A PyTorch implementation of ProtoTransformer: A Meta-Learning Approach to Providing Student Feedback (https://arxiv.org/abs/2107.14035). You can find a blog here (https://ai.stanford.edu/blog/prototransformer) and a press release here (https://www.nytimes.com/2021/07/20/technology/ai-education-neural-networks.html).

Abstract

High-quality computer science education is limited by the difficulty of providing instructor feedback to students at scale. While this feedback could in principle be automated, supervised approaches to predicting the correct feedback are bottlenecked by the intractability of annotating large quantities of student code. In this paper, we instead frame the problem of providing feedback as few-shot classification, where a meta-learner adapts to give feedback to student code on a new programming question from just a few examples annotated by instructors. Because data for meta-training is limited, we propose a number of amendments to the typical few-shot learning framework, including task augmentation to create synthetic tasks, and additional side information to build stronger priors about each task. These additions are combined with a transformer architecture to embed discrete sequences (e.g. code) to a prototypical representation of a feedback class label.
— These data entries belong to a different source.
(* Let $D_x$ be a distribution over features $\mathcal{X}$, let $\alpha>0$, and let $k\ge1$ be odd. Let the label distribution be $D^\alpha_y=1-2\,\mathrm{Bernoulli}(\alpha)$ (so $y=-1$ with probability $\alpha$ and $y=1$ otherwise), and let $D=D_x\otimes D^\alpha_y$ be the joint distribution with independent features and labels. Let $h:\mathcal{X}\to\{-1,1\}$ be the $k$-nearest-neighbors classifier trained on $S\sim D^n$ with $n\ge k$, and let $x\in\mathcal{X}$. Then $$\mathbb{E}_{S\sim D^n}[h(x)]=-1+2\phi_k(\alpha),\qquad \phi_k(\alpha)=\Pr\left(\mathrm{Binomial}(k,\alpha)\le\lfloor k/2\rfloor\right).$$
   Context: The $k$-nearest-neighbors classifier (with $k$ odd) trained on $S=\{(x_i,y_i)\}_{i=1}^n$ returns, for a query $x$, the majority label among the $k$ training points whose features are nearest to $x$ (with respect to a metric on $\mathcal{X}$; the set of neighbors depends on the training features only). *)

theory Defs
  imports "HOL-Probability.Probability"
begin

definition knn_selection ::
  "nat \<Rightarrow> nat \<Rightarrow> ((nat \<Rightarrow> 'a::metric_space) \<Rightarrow> 'a \<Rightarrow> nat set) \<Rightarrow> bool" where
  "knn_selection n k N \<longleftrightarrow>
     (\<forall>xs x. N xs x \<subseteq> {..<n} \<and> card (N xs x) = k \<and>
        (\<forall>i\<in>N xs x. \<forall>j\<in>{..<n} - N xs x. dist (xs i) x \<le> dist (xs j) x))"

definition knn_classifier ::
  "((nat \<Rightarrow> 'a) \<Rightarrow> 'a \<Rightarrow> nat set) \<Rightarrow> (nat \<Rightarrow> 'a \<times> real) \<Rightarrow> 'a \<Rightarrow> real" where
  "knn_classifier N S x =
     (if (\<Sum>i\<in>N (\<lambda>i. fst (S i)) x. snd (S i)) > 0 then 1 else -1)"

definition label_pmf :: "real \<Rightarrow> real pmf" where
  "label_pmf \<alpha> = map_pmf (\<lambda>b. if b then -1 else 1) (bernoulli_pmf \<alpha>)"

definition phi :: "nat \<Rightarrow> real \<Rightarrow> real" where
  "phi k \<alpha> = measure_pmf.prob (binomial_pmf k \<alpha>) {..k div 2}"

end

theory Submission
  imports Defs
begin

(* The neighbour set of x depends on the training features only, and the features are independent
   of the labels. By Fubini we may therefore fix the features first: the classifier is then a
   majority vote over k fixed coordinates of an i.i.d. label vector. With k odd, the vote is 1
   exactly when at most k div 2 of these k labels are -1, and the number of -1 labels is
   Binomial(k, alpha). *)

lemma measurable_zip_PiM:
  "(\<lambda>(xs, ys). \<lambda>i\<in>I. (xs i, ys i))
     \<in> measurable (PiM I M \<Otimes>\<^sub>M PiM I L) (PiM I (\<lambda>i. M i \<Otimes>\<^sub>M L i))"
  by measurable

lemma distr_PiM_pair_measure_zip:
  assumes I: "finite I"
    and M: "\<And>i. sigma_finite_measure (M i)" and L: "\<And>i. sigma_finite_measure (L i)"
  shows "distr (PiM I M \<Otimes>\<^sub>M PiM I L) (PiM I (\<lambda>i. M i \<Otimes>\<^sub>M L i)) (\<lambda>(xs, ys). \<lambda>i\<in>I. (xs i, ys i))
           = PiM I (\<lambda>i. M i \<Otimes>\<^sub>M L i)"
proof -
  interpret M: product_sigma_finite M
    by (intro product_sigma_finite.intro M)
  interpret L: finite_product_sigma_finite L I
    by (intro finite_product_sigma_finite.intro product_sigma_finite.intro
        finite_product_sigma_finite_axioms.intro L I)
  interpret MxL: product_sigma_finite "\<lambda>i. M i \<Otimes>\<^sub>M L i"
    by (intro product_sigma_finite.intro sigma_finite_pair_measure M L)
  let ?zip = "\<lambda>(xs, ys). \<lambda>i\<in>I. (xs i, ys i)"
  let ?\<Omega> = "space (PiM I M \<Otimes>\<^sub>M PiM I L)"
  let ?D = "distr (PiM I M \<Otimes>\<^sub>M PiM I L) (PiM I (\<lambda>i. M i \<Otimes>\<^sub>M L i)) ?zip"
  show ?thesis
  proof (rule MxL.PiM_eqI[OF I])
    fix A assume A: "\<And>i. i \<in> I \<Longrightarrow> A i \<in> sets (M i \<Otimes>\<^sub>M L i)"
    have slice: "Pair xs -` (?zip -` Pi\<^sub>E I A \<inter> ?\<Omega>) = Pi\<^sub>E I (\<lambda>i. Pair (xs i) -` A i)"
      if "xs \<in> space (PiM I M)" for xs
    proof (intro set_eqI iffI)
      fix ys assume "ys \<in> Pi\<^sub>E I (\<lambda>i. Pair (xs i) -` A i)"
      moreover have "Pair (xs i) -` A i \<subseteq> space (L i)" if "i \<in> I" for i
        using A[OF that, THEN sets.sets_into_space] by (auto simp: space_pair_measure)
      ultimately show "ys \<in> Pair xs -` (?zip -` Pi\<^sub>E I A \<inter> ?\<Omega>)"
        using that by (auto simp: space_pair_measure space_PiM PiE_iff)
    qed (auto simp: space_pair_measure space_PiM PiE_iff split: if_split_asm)
    have "emeasure ?D (Pi\<^sub>E I A) = emeasure (PiM I M \<Otimes>\<^sub>M PiM I L) (?zip -` Pi\<^sub>E I A \<inter> ?\<Omega>)"
      using A I by (intro emeasure_distr measurable_zip_PiM sets_PiM_I_finite) auto
    also have "\<dots> = (\<integral>\<^sup>+xs. emeasure (PiM I L) (Pi\<^sub>E I (\<lambda>i. Pair (xs i) -` A i)) \<partial>PiM I M)"
      using A I by (subst L.emeasure_pair_measure_alt)
        (auto intro!: nn_integral_cong measurable_zip_PiM sets_PiM_I_finite simp: slice
          simp del: vimage_Int)
    also have "\<dots> = (\<integral>\<^sup>+xs. (\<Prod>i\<in>I. emeasure (L i) (Pair (xs i) -` A i)) \<partial>PiM I M)"
      using A by (intro nn_integral_cong L.emeasure_PiM[OF I]) (auto intro: measurable_Pair2)
    also have "\<dots> = (\<Prod>i\<in>I. \<integral>\<^sup>+x. emeasure (L i) (Pair x -` A i) \<partial>M i)"
      using A by (intro M.product_nn_integral_prod I)
        (auto intro: sigma_finite_measure.measurable_emeasure_Pair[OF L])
    also have "\<dots> = (\<Prod>i\<in>I. emeasure (M i \<Otimes>\<^sub>M L i) (A i))"
      using A L
      by (intro prod.cong refl sigma_finite_measure.emeasure_pair_measure_alt[symmetric]) auto
    finally show "emeasure ?D (Pi\<^sub>E I A) = (\<Prod>i\<in>I. emeasure (M i \<Otimes>\<^sub>M L i) (A i))" .
  qed simp
qed

lemma integral_PiM_pair_measure:
  fixes f :: "('i \<Rightarrow> 'a \<times> 'b) \<Rightarrow> 'c::{banach, second_countable_topology}"
  assumes I: "finite I"
    and M: "\<And>i. sigma_finite_measure (M i)" and L: "\<And>i. sigma_finite_measure (L i)"
    and f: "integrable (PiM I (\<lambda>i. M i \<Otimes>\<^sub>M L i)) f"
  shows "(\<integral>S. f S \<partial>PiM I (\<lambda>i. M i \<Otimes>\<^sub>M L i))
           = (\<integral>xs. (\<integral>ys. f (\<lambda>i\<in>I. (xs i, ys i)) \<partial>PiM I L) \<partial>PiM I M)"
proof -
  interpret M: finite_product_sigma_finite M I
    by (intro finite_product_sigma_finite.intro product_sigma_finite.intro
        finite_product_sigma_finite_axioms.intro M I)
  interpret L: finite_product_sigma_finite L I
    by (intro finite_product_sigma_finite.intro product_sigma_finite.intro
        finite_product_sigma_finite_axioms.intro L I)
  interpret pair_sigma_finite "PiM I M" "PiM I L" ..
  let ?zip = "\<lambda>(xs, ys). \<lambda>i\<in>I. (xs i, ys i)"
  have f_zip: "integrable (PiM I M \<Otimes>\<^sub>M PiM I L) (\<lambda>z. f (?zip z))"
    using f integrable_distr_eq[OF measurable_zip_PiM borel_measurable_integrable[OF f]]
    by (simp add: distr_PiM_pair_measure_zip[OF I M L])
  have "(\<integral>S. f S \<partial>PiM I (\<lambda>i. M i \<Otimes>\<^sub>M L i)) = (\<integral>z. f (?zip z) \<partial>(PiM I M \<Otimes>\<^sub>M PiM I L))"
    using f by (subst distr_PiM_pair_measure_zip[OF I M L, symmetric])
      (simp add: integral_distr measurable_zip_PiM)
  also have "\<dots> = (\<integral>xs. (\<integral>ys. f (\<lambda>i\<in>I. (xs i, ys i)) \<partial>PiM I L) \<partial>PiM I M)"
    using integral_fst'[OF f_zip] by simp
  finally show ?thesis .
qed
On a suite of few-shot natural language processing tasks, we match or outperform state-of-the-art performance. Then, on a collection of student solutions to exam questions from an introductory university course, we show that our approach reaches an average precision of 88% on unseen questions, surpassing the 82% precision of teaching assistants. Our approach was successfully deployed to deliver feedback to 16,000 student exam-solutions in a programming course offered by a tier 1 university. This is, to the best of our knowledge, the first successful deployment of a machine learning based feedback to open-ended student code.

Main Intuition

With the rise of large online computer science courses, there is an abundance of high-quality content. At the same time, the sheer size of these courses makes high-quality feedback to student work more and more difficult. Several computational approaches have been proposed to automatically produce personalized feedback, but each falls short. We proposed a new AI system based on meta-learning that trains a neural network to ingest student code and output feedback. On a dataset of student solutions to Stanford’s CS106A exams, we found the AI system to match human instructors in feedback quality.

Setup / Installation

We use Python 3, PyTorch 1.7.1, PyTorch Lightning 1.1.8, and a conda environment. Consider a variation of the commands below:

conda create -n proto python=3 anaconda
conda activate proto
conda install pytorch=1.7.1 torchvision -c pytorch
pip install tqdm dotmap

Data

There are a number of datasets used in the NLP experiments.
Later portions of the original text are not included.